To tam film jest najciekawszy, zwłaszcza w świetle występów. Mortensen gra Saula jako człowieka nieustannie toczącego cichą wojnę z własnym ciałem, jęczącego i kaszlącego, poruszającego się i mówiącego, badającego granice własnej fizyczności, a jednocześnie opierającego się etykietom, które szerszy świat chciałby mu narzucić. Seydoux działa jak świetna bariera dla tej energii, eleganckiej, zmysłowej i mniej cynicznej w stosunku do świata, światła cienia Mortensena zarówno wizualnie, jak i narracyjnie. Jest też Stewart, która podczas swoich scen absolutnie rozrywa ekran nerwową energią. Zasługuje na to, by stać się stałym bywalcem Cronenberga, ponieważ jest wyraźnie o wiele więcej, co chciałaby powiedzieć w ramach jego estetyki.

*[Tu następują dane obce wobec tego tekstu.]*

section \<open>Sums of monomials over product sets\<close>

lemma sum_PiE_pointwise_bij:
  assumes bij: "\<And>e. e \<in> E \<Longrightarrow> bij_betw (\<phi> e) I S"
    and cong: "\<And>c c'. (\<And>e. e \<in> E \<Longrightarrow> c e = c' e) \<Longrightarrow> g c = g c'"
  shows "(\<Sum>p\<in>PiE E (\<lambda>_. I). g (\<lambda>e. \<phi> e (p e))) = (\<Sum>c\<in>PiE E (\<lambda>_. S). g c)"
proof -
  have [simp]: "\<phi> e x \<in> S" "inv_into I (\<phi> e) (\<phi> e x) = x"
    if "e \<in> E" "x \<in> I" for e x
    using bij[OF that(1)] that(2) by (auto simp: bij_betwE bij_betw_inv_into_left)
  have [simp]: "inv_into I (\<phi> e) y \<in> I" "\<phi> e (inv_into I (\<phi> e) y) = y"
    if "e \<in> E" "y \<in> S" for e y
    using bij[OF that(1)] that(2) by (auto simp: bij_betw_def inv_into_into f_inv_into_f)
  show ?thesis
    by (rule sum.reindex_bij_witness[where j = "\<lambda>p. restrict (\<lambda>e. \<phi> e (p e)) E"
          and i = "\<lambda>c. restrict (\<lambda>e. inv_into I (\<phi> e) (c e)) E"])
      (auto simp: fun_eq_iff PiE_iff extensional_def intro!: cong)
qed

lemma sum_Pow_pointwise_bij:
  assumes bij: "\<And>e. e \<in> E \<Longrightarrow> bij_betw (\<phi> e) UNIV S"
    and cong: "\<And>c c'. (\<And>e. e \<in> E \<Longrightarrow> c e = c' e) \<Longrightarrow> g c = g c'"
  shows "(\<Sum>A\<in>Pow E. g (\<lambda>e. \<phi> e (e \<in> A))) = (\<Sum>c\<in>PiE E (\<lambda>_. S). g c)"
proof -
  have [simp]: "\<phi> e b \<in> S" "inv (\<phi> e) (\<phi> e b) = b" if "e \<in> E" for e b
    using bij[OF that] by (auto simp: bij_betwE bij_betw_inv_into_left)
  have [simp]: "\<phi> e (inv (\<phi> e) y) = y" if "e \<in> E" "y \<in> S" for e y
    using bij[OF that(1)] that(2) by (simp add: bij_betw_inv_into_right)
  show ?thesis
    by (rule sum.reindex_bij_witness[where j = "\<lambda>A. restrict (\<lambda>e. \<phi> e (e \<in> A)) E"
          and i = "\<lambda>c. {e \<in> E. inv (\<phi> e) (c e)}"])
      (auto simp: fun_eq_iff PiE_iff extensional_def intro!: cong)
qed

lemma poly_sum_monom_one: "poly (\<Sum>x\<in>I. monom 1 (k x)) 1 = int (card I)"
  by (simp add: poly_sum poly_monom)

lemma mindeg1_interpolating_sum_monom:
  fixes d :: "'b \<Rightarrow> nat"
  assumes "finite C" "C \<noteq> {}" and pos: "\<And>c. c \<in> C \<Longrightarrow> 1 \<le> d c"
    and down: "\<And>c. c \<in> C \<Longrightarrow> 1 < d c \<Longrightarrow> \<exists>c'\<in>C. d c' = d c - 1"
  shows "mindeg1_interpolating (\<Sum>c\<in>C. monom 1 (d c))"
proof -
  define P :: "int poly" where "P = (\<Sum>c\<in>C. monom 1 (d c))"
  have "coeff P k = int (card {c \<in> C. d c = k})" for k
    using \<open>finite C\<close> by (simp add: P_def coeff_sum sum.inter_filter[symmetric])
  then have coeff_P: "coeff P k \<noteq> 0 \<longleftrightarrow> k \<in> d ` C" for k
    using \<open>finite C\<close> by auto
  have interval: "k \<in> d ` C" if "m \<in> d ` C" "1 \<le> k" "k \<le> m" for k m
    using \<open>k \<le> m\<close> \<open>m \<in> d ` C\<close>
  proof (induction rule: inc_induct)
    case (step n)
    then obtain c where "c \<in> C" "d c = Suc n"
      by force
    then show ?case
      using down[of c] step.hyps(1) \<open>1 \<le> k\<close> by force
  qed
  obtain c0 where "c0 \<in> C"
    using \<open>C \<noteq> {}\<close> by blast
  then have "P \<noteq> 0"
    using coeff_P by (metis coeff_0 imageI)
  then have "degree P \<in> d ` C"
    using coeff_P[of "degree P"] by simp
  moreover have "0 \<notin> d ` C"
    using pos by fastforce
  ultimately show ?thesis
    unfolding mindeg1_interpolating_def P_def[symmetric]
    using coeff_P interval pos by fastforce
qed

section \<open>Frames\<close>

datatype rect_sym = Seg | Side | Rot

type_synonym frame = "rect_sym \<times> rect_sym"
type_synonym 'a framing = "'a set \<Rightarrow> frame"

lemma UNIV_rect_sym: "UNIV = {Seg, Side, Rot}"
  by (auto intro: rect_sym.exhaust)

lemma finite_frame_set: "finite (S :: frame set)"
proof -
  have "finite (UNIV :: rect_sym set)"
    by (simp add: UNIV_rect_sym)
  then show ?thesis
    using finite_Prod_UNIV finite_subset subset_UNIV by metis
qed

(* For i \<noteq> j this is the product of i and j in the Klein four-group of the rectangle. *)
fun third :: "rect_sym \<Rightarrow> rect_sym \<Rightarrow> rect_sym" where
  "third Seg Side = Rot" | "third Side Seg = Rot" | "third Seg Seg = Seg"
| "third Seg Rot = Side" | "third Rot Seg = Side" | "third Side Side = Side"
| "third Side Rot = Seg" | "third Rot Side = Seg" | "third Rot Rot = Rot"

lemma third_neq: "i \<noteq> j \<Longrightarrow> third i j \<noteq> i \<and> third i j \<noteq> j"
  by (cases i; cases j) simp_all

lemma insert_third: "i \<noteq> j \<Longrightarrow> {i, j, third i j} = UNIV"
  by (cases i; cases j) (auto intro: rect_sym.exhaust)

fun rect_act :: "'a ribbon \<Rightarrow> rect_sym \<Rightarrow> 'a \<Rightarrow> 'a" where
  "rect_act G Seg f = sg G f"
| "rect_act G Side f = lg G f"
| "rect_act G Rot f = sg G (lg G f)"

lemma edge_of_eq_range: "edge_of G f = insert f (range (\<lambda>k. rect_act G k f))"
  by (simp add: edge_of_def UNIV_rect_sym)

lemma edge_of_in_edges: "f \<in> flags G \<Longrightarrow> edge_of G f \<in> edges G"
  by (simp add: edges_def)

definition frames :: "frame set" where
  "frames = {(i, j). i \<noteq> j}"

lemma frames_eq:
  "frames = {(Seg, Side), (Seg, Rot), (Side, Seg), (Side, Rot), (Rot, Seg), (Rot, Side)}"
proof (rule set_eqI)
  fix s :: frame
  obtain i j where "s = (i, j)"
    by fastforce
  then show "s \<in> frames \<longleftrightarrow>
      s \<in> {(Seg, Side), (Seg, Rot), (Side, Seg), (Side, Rot), (Rot, Seg), (Rot, Side)}"
    by (cases i; cases j) (simp_all add: frames_def)
qed

(* A partial Petrial replaces lg by sg \<circ> lg. *)
fun frame_op :: "rop \<Rightarrow> frame \<Rightarrow> frame" where
  "frame_op D (i, j) = (j, i)"
| "frame_op T (i, j) = (i, third i j)"

lemma frame_op_frames: "s \<in> frames \<Longrightarrow> frame_op w s \<in> frames"
  by (cases w; cases s) (auto simp: frames_def dest: third_neq)

definition reframe :: "rop list \<Rightarrow> 'a set set \<Rightarrow> 'a framing \<Rightarrow> 'a framing" where
  "reframe ws A c e = (if e \<in> A then foldr frame_op ws (c e) else c e)"

lemma reframe_Nil [simp]: "reframe [] A c = c"
  by (simp add: reframe_def fun_eq_iff)

lemma reframe_Cons: "reframe (w # ws) A c = reframe [w] A (reframe ws A c)"
  by (simp add: reframe_def fun_eq_iff)

lemma fold_reframe_parts:
  assumes "distinct ks" "e \<in> edges G"
  shows "fold (\<lambda>(ws, A). reframe ws A) (map (\<lambda>k. (W k, part G p k)) ks) c e
    = (if p e \<in> set ks then foldr frame_op (W (p e)) (c e) else c e)"
  using assms by (induction ks arbitrary: c) (auto simp: reframe_def part_def)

Jak każdy film Cronenberga, „Zbrodnie przyszłości” są przeznaczone do podzielenia widzów, przy czym jednych odstręcza sama tematyka, a innych trzyma się na dystans dzięki wyjątkowemu wyczuciu tempa i tonu. Ale dla tych z nas, którzy zawsze klikali estetykę Cronenberga, wydaje się, że to oszałamiający powrót do horroru dla jednego z wielkich innowatorów gatunku i jednego z filmów gatunkowych, które trzeba zobaczyć w tym roku.
„Zbrodnie przyszłości” wejdą do kin 3 czerwca.